XGBoostCheckpoint([local_path, data_dict, uri])

A Checkpoint with XGBoost-specific functionality.

LightGBM#

LightGBMTrainer(*args, **kwargs)

A Trainer for data parallel LightGBM training.

LightGBMCheckpoint([local_path, data_dict, uri])

A Checkpoint with LightGBM-specific functionality.

HuggingFace#

HuggingFaceTrainer(*args, **kwargs)

A Trainer for data parallel HuggingFace Transformers on PyTorch training.

HuggingFaceCheckpoint([local_path, ...])

A Checkpoint with HuggingFace-specific functionality.

Scikit-Learn#

SklearnTrainer(*args, **kwargs)

A Trainer for scikit-learn estimator training.

SklearnCheckpoint([local_path, data_dict, uri])

A Checkpoint with sklearn-specific functionality.

Mosaic#

MosaicTrainer(*args, **kwargs)

A Trainer for data parallel Mosaic Composers on PyTorch training.

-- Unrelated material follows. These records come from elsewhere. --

(* Consider the control-affine system $\dot x = f(x) + g(x)u$ with $f:\mathbb{R}^{n_x}\to\mathbb{R}^{n_x}$, $g:\mathbb{R}^{n_x}\to\mathbb{R}^{n_x\times n_u}$ Lipschitz and $\mathcal{C}^{m-1}$, control set $\mathcal{U}\subset\mathbb{R}^{n_u}$ compact, and a $\mathcal{C}^m$ function $h:\mathbb{R}^{n_x}\to\mathbb{R}$ of relative degree $m$. Let $\Gamma_1,\dots,\Gamma_m$ be class $\mathcal{K}$ functions with $\Gamma_i \in \mathcal{C}^{m-i}$, and define $\psi_0 = h$, $\psi_i = \dot\psi_{i-1} + \Gamma_i(\psi_{i-1})$ for $i = 1,\dots,m-1$. Let $a(x) = (L_g L_f^{m-1} h(x))^\top$ and $b(x) = -L_f^m h(x) - \sum_{i=0}^{m-1} L_f^i(\Gamma_{m-i}\circ\psi_{m-i-1})(x)$, let $u_n$ be a nominal controller, and let $\pi(x)$ be a minimizer of $\|u - u_n(x)\|_2^2$ over $u \in \mathcal{U}$ subject to $a(x)^\top u \ge b(x)$. Assume this problem is feasible and $\pi(x) \notin \partial\mathcal{U}$. If the system controlled by $\pi$ is at an equilibrium $(x_e,u_e)$, i.e. $u_e = \pi(x_e)$ and $0 = f(x_e) + g(x_e)u_e$, then either (i) $u_n(x_e) = u_e$, or (ii) $h(x_e) = 0$.
   Context: $h$ has relative degree $m$ means $L_g L_f^{i} h \equiv 0$ for $i = 0,\dots,m-2$ (so that the $m$-th time derivative of $h$ along the system is the first to depend on $u$, namely $\dot\psi_{m-1} + \Gamma_m(\psi_{m-1}) = L_f^m h + L_g L_f^{m-1}h\, u + \sum_{i=0}^{m-1} L_f^i(\Gamma_{m-i}\circ\psi_{m-i-1})$). Derivatives $\dot\psi_i$ are along the system trajectories. A class $\mathcal{K}$ function is continuous, strictly increasing, with value $0$ at $0$. $\partial\mathcal{U}$ denotes the boundary of $\mathcal{U}$. *)

theory Defs
  imports "HOL-Analysis.Analysis"
begin

fun Ck :: "nat \<Rightarrow> ('a::real_normed_vector \<Rightarrow> real) \<Rightarrow> bool" where
  "Ck 0 \<phi> = continuous_on UNIV \<phi>"
| "Ck (Suc k) \<phi> = ((\<forall>x. \<phi> differentiable (at x)) \<and>
                    (\<forall>v. Ck k (\<lambda>x. frechet_derivative \<phi> (at x) v)))"
lemma assoc:
  "a \<in> G \<Longrightarrow> b \<in> G \<Longrightarrow> c \<in> G \<Longrightarrow> sG a = rG b \<Longrightarrow> sG b = rG c \<Longrightarrow> mG (mG a b) c = mG a (mG b c)"
  using category unfolding category_def by (elim conjE) blast

lemma inverse:
  assumes "g \<in> G"
  obtains h where "h \<in> G" "sG g = rG h" "sG h = rG g" "mG g h = rG g" "mG h g = sG g"
  using groupoid assms unfolding groupoid_def by blast

lemma left_inverse_comp:
  assumes "h \<in> G" "g \<in> G" "a \<in> G" "sG h = rG g" "mG h g = sG g" "sG g = rG a"
  shows "mG h (mG g a) = a"
proof -
  have "mG h (mG g a) = mG (mG h g) a" using assoc[of h g a] assms(1-4,6) by simp
  also have "\<dots> = a" using assms range_props[of a] by metis
  finally show ?thesis .
qed

lemma left_cancellative: "left_cancellative G rG sG mG"
  unfolding left_cancellative_def
proof (intro ballI impI)
  fix k a b assume "k \<in> G" "a \<in> G" "b \<in> G" "sG k = rG a" "sG k = rG b" "mG k a = mG k b"
  moreover obtain h where "h \<in> G" "sG h = rG k" "mG h k = sG k" using inverse \<open>k \<in> G\<close> by metis
  ultimately show "a = b" using left_inverse_comp[of h k a] left_inverse_comp[of h k b] by metis
qed

lemma left_divide:
  assumes "k \<in> G" "l \<in> G" "rG k = rG l"
  obtains q where "q \<in> G" "sG k = rG q" "mG k q = l"
proof -
  obtain h where h: "h \<in> G" "sG k = rG h" "sG h = rG k" "mG k h = rG k"
    using inverse assms(1) by metis
  have "mG k (mG h l) = l"
    using left_inverse_comp[of k h l] h assms by simp
  then show thesis using that[of "mG h l"] comp_props[of h l] h assms by simp
qed

end

locale matched_groupoid_category = small_groupoid G rG sG mG
  for G rG sG mG +
  fixes C rC sC mC lact ract
  assumes category_C: "category C rC sC mC"
    and matched: "matched_pair G rG sG mG C rC sC mC lact ract"
begin

lemma C_source: "c \<in> C \<Longrightarrow> sC c \<in> C \<and> rC (sC c) = sC c"
  using category_C unfolding category_def by (elim conjE) blast

lemma C_comp: "a \<in> C \<Longrightarrow> b \<in> C \<Longrightarrow> sC a = rC b \<Longrightarrow> mC a b \<in> C \<and> rC (mC a b) = rC a \<and> sC (mC a b) = sC b"
  using category_C unfolding category_def by (elim conjE) blast

lemma source_in_G:
  assumes "c \<in> C"
  shows "sC c \<in> G \<and> rG (sC c) = sC c"
proof -
  have "objects G rG = objects C rC" using matched unfolding matched_pair_def by (rule conjunct1)
  moreover have "sC c \<in> objects C rC" using C_source assms unfolding objects_def by simp
  ultimately show ?thesis unfolding objects_def by blast
qed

Reinforcement Learning (RLlib)#

RLTrainer(*args, **kwargs)

Reinforcement learning trainer.

RLCheckpoint([local_path, data_dict, uri])

A Checkpoint with RLlib-specific functionality.

Ray Train Experiment Restoration#

train.trainer.BaseTrainer.restore(path[, ...])

Restores a Train experiment from a previously interrupted/failed run.

Note

All trainer classes have a restore method that takes in a path pointing to the directory of the experiment to be restored. restore also exposes a subset of construtor arguments that can be re-specified. See Restoration API for Built-in Trainers below for details on restore arguments for different AIR trainer integrations.

Restoration API for Built-in Trainers#

train.data_parallel_trainer.DataParallelTrainer.restore(path)

Restores a DataParallelTrainer from a previously interrupted/failed run.

train.huggingface.HuggingFaceTrainer.restore(path)

Restores a HuggingFaceTrainer from a previously interrupted/failed run.

Note

TorchTrainer.restore, TensorflowTrainer.restore, and HorovodTrainer.restore can take in the same parameters as their parent class’s DataParallelTrainer.restore.

Unless otherwise specified, other trainers will accept the same parameters as BaseTrainer.restore.

See also

See How do I restore a Ray Train experiment? for more details on when and how trainer restore should be used.